Katyboo, no, no, that helps. Nice of you to say that. Much appreciated.
Bertas, yes Lola was right. Another doctor explained things better today and we're feeling much better.
Welsh Girl, I think that's right. Nobody knows. It's all in the lap of providence. Thanks for the comment. All this does help.
Dick - only just found this one - thank heavens for the second doctor! As several have said above, most medics are truly hopeless at this kind of thing (and nurses can be even worse) - your own eyes and ears and your gut feeling, backed by years of intimate personal knowledge of the person who to them is only ever 'the patient', will always tell you more. Here's to more progress and more good news.
Many thanks, Nige. I think that's exactly right. 'Gut feeling' is important. The way the NHS is run, a person isn't an individual.

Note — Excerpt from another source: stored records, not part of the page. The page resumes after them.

(* Let $G_1$ be a group and $k\ge1$ an integer such that $|G_1:C_{G_1}(a)|\le k$ for every $a\in G_1$. Let $n,m\ge0$, let $G\le G_1^n$ be a subgroup, let $w(\bar x,\bar y)$ be a group word in the variables $\bar x=(x_1,\dots,x_n)$, $\bar y=(y_1,\dots,y_m)$ and their inverses, and let $\bar g\in G_1^m$, $c\in G_1$. If the set $\{\bar h\in G:w(\bar h,\bar g)=c\}$ is $2k^{n^2+mn}$-large in $G$, then $w(\bar h,\bar g)=c$ for all $\bar h\in G$.
   Context: A subset $X\subseteq G$ is $k$-large in $G$ if the intersection of any $k$ left translates $\bar a_1X\cap\dots\cap\bar a_kX$ ($\bar a_i\in G$) is non-empty. *)

theory Defs
  imports "HOL-Algebra.Algebra"
begin

definition centralizer_elem :: "('a, 'b) monoid_scheme \<Rightarrow> 'a \<Rightarrow> 'a set" where
  "centralizer_elem G a = {x \<in> carrier G. x \<otimes>\<^bsub>G\<^esub> a = a \<otimes>\<^bsub>G\<^esub> x}"

definition k_large :: "('a, 'b) monoid_scheme \<Rightarrow> 'a set \<Rightarrow> nat \<Rightarrow> 'a set \<Rightarrow> bool" where
  "k_large P H K S \<longleftrightarrow>
     (\<forall>a :: nat \<Rightarrow> 'a. (\<forall>i<K. a i \<in> H) \<longrightarrow> (\<Inter>i<K. l_coset P (a i) S) \<noteq> {})"

text \<open>Group words in variables x_i (Inl i) and y_j (Inr j) and their inverses:
  a letter (v, True) stands for v, a letter (v, False) for v inverse.\<close>
type_synonym gword = "((nat + nat) \<times> bool) list"

definition word_in_vars :: "nat \<Rightarrow> nat \<Rightarrow> gword \<Rightarrow> bool" where
  "word_in_vars n m w \<longleftrightarrow>
     (\<forall>(v, b) \<in> set w. case v of Inl i \<Rightarrow> i < n | Inr j \<Rightarrow> j < m)"

fun word_eval :: "('a, 'b) monoid_scheme \<Rightarrow> gword \<Rightarrow> (nat \<Rightarrow> 'a) \<Rightarrow> (nat \<Rightarrow> 'a) \<Rightarrow> 'a" where
  "word_eval G [] h g = \<one>\<^bsub>G\<^esub>"
| "word_eval G ((v, b) # w) h g =
     (let z = case_sum h g v in if b then z else inv\<^bsub>G\<^esub> z) \<otimes>\<^bsub>G\<^esub> word_eval G w h g"

end

theory Submission
  imports Defs
begin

They're only a set of symptoms the sees at a particular moment of time. Doctors aren't given time to see the bigger picture. And I swear that some take great pleasure in talking in such absolutes.

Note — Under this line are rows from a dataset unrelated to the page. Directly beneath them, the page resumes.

definition Inv :: "nat list \<Rightarrow> (nat \<times> nat) set" where
  "Inv \<sigma> = {(i,j). 1 \<le> i \<and> i < j \<and> j \<le> length \<sigma> \<and> \<sigma> ! (i-1) > \<sigma> ! (j-1)}"

definition weak_le :: "nat list \<Rightarrow> nat list \<Rightarrow> bool" where
  "weak_le \<sigma> \<tau> \<longleftrightarrow> Inv \<sigma> \<subseteq> Inv \<tau>"

definition st :: "nat list \<Rightarrow> nat list" where
  "st xs = map (\<lambda>a. card {b \<in> set xs. b \<le> a}) xs"

definition pvee :: "nat list \<Rightarrow> nat list \<Rightarrow> nat list" where
  "pvee \<sigma> \<tau> = map (\<lambda>a. a + length \<tau>) \<sigma> @ [length \<sigma> + length \<tau> + 1] @ \<tau>"

definition pbs :: "nat list \<Rightarrow> nat list \<Rightarrow> nat list" where
  "pbs \<sigma> \<tau> = map (\<lambda>a. a + length \<tau>) \<sigma> @ \<tau>"

definition Des :: "nat list \<Rightarrow> nat set" where
  "Des \<sigma> = {i. 1 \<le> i \<and> i < length \<sigma> \<and> \<sigma> ! (i-1) > \<sigma> ! i}"

definition GDes :: "nat list \<Rightarrow> nat set" where
  "GDes \<sigma> = {p. 1 \<le> p \<and> p < length \<sigma> \<and>
      (\<exists>\<alpha> \<beta>. \<alpha> \<in> perms p \<and> \<beta> \<in> perms (length \<sigma> - p) \<and> \<sigma> = pbs \<alpha> \<beta>)}"

definition blocks :: "nat \<Rightarrow> nat set \<Rightarrow> nat list" where
  "blocks n S = (let ps = sorted_list_of_set S in
      map (\<lambda>(a,b). a - b) (zip (ps @ [n]) (0 # ps)))"

definition Z :: "nat \<Rightarrow> nat set \<Rightarrow> nat list" where
  "Z n S = foldr pbs (map idp (blocks n S)) []"

datatype tree = Lf | Nd tree tree

fun nodes :: "tree \<Rightarrow> nat" where
  "nodes Lf = 0"
| "nodes (Nd l r) = Suc (nodes l + nodes r)"

definition Y :: "nat \<Rightarrow> tree set" where
  "Y n = {t. nodes t = n}"

inductive tam_step :: "tree \<Rightarrow> tree \<Rightarrow> bool" where
  rot: "tam_step (Nd (Nd a b) c) (Nd a (Nd b c))"
| left: "tam_step s s' \<Longrightarrow> tam_step (Nd s t) (Nd s' t)"
| right: "tam_step t t' \<Longrightarrow> tam_step (Nd s t) (Nd s t')"

definition tamari_le :: "tree \<Rightarrow> tree \<Rightarrow> bool" where
  "tamari_le = tam_step\<^sup>*\<^sup>*"

fun tbs :: "tree \<Rightarrow> tree \<Rightarrow> tree" where
  "tbs Lf t = t"
| "tbs (Nd l r) t = Nd l (tbs r t)"

fun one :: "nat \<Rightarrow> tree" where
  "one 0 = Lf"
| "one (Suc n) = Nd (one n) Lf"

definition C :: "nat \<Rightarrow> nat set \<Rightarrow> tree" where
  "C n S = foldr tbs (map one (blocks n S)) Lf"

text \<open>For each leaf (left to right), whether it is a left child; the flag says
  whether the current subtree is a left child.\<close>
fun leafdirs :: "bool \<Rightarrow> tree \<Rightarrow> bool list" where
  "leafdirs b Lf = [b]"
| "leafdirs b (Nd l r) = leafdirs True l @ leafdirs False r"

definition L :: "tree \<Rightarrow> nat set" where
  "L t = {i. 1 \<le> i \<and> i < nodes t \<and> leafdirs False t ! i}"

definition R :: "tree \<Rightarrow> nat set" where
  "R t = {j. 1 \<le> j \<and> j < nodes t \<and> (\<exists>r r'. nodes r = j \<and> t = tbs r r')}"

I know there will be more difficult days ahead but I'm just glad that things seem more settled. And he spoke more words today, all in the right order, which leaves us with a sense of progress.
Thanks for the update as I have been wondering how he was doing. As for the legendary "bedside manner", I think doctors feel they do better for the patient if they are always anticipating problems, and frankly I'd hate for them to just wave their hands and say "don't worry". Of course a glimmer of hope now and then would be nice. For now you must rely on your own hope, and from what you write I think you have plenty of evidence to support that so far. It's great that you can see him more easily now as that will be better for everyone!
Thanks Don. Really good of you to leave a comment. I think you're right about bedside manners of some doctors. It's just that we've come across some staggeringly good people at the neurological unit; doctors who go out of the way to ensure that we're coping. When it gets to more local hospitals, it's a shock to see how indifferent some of them become.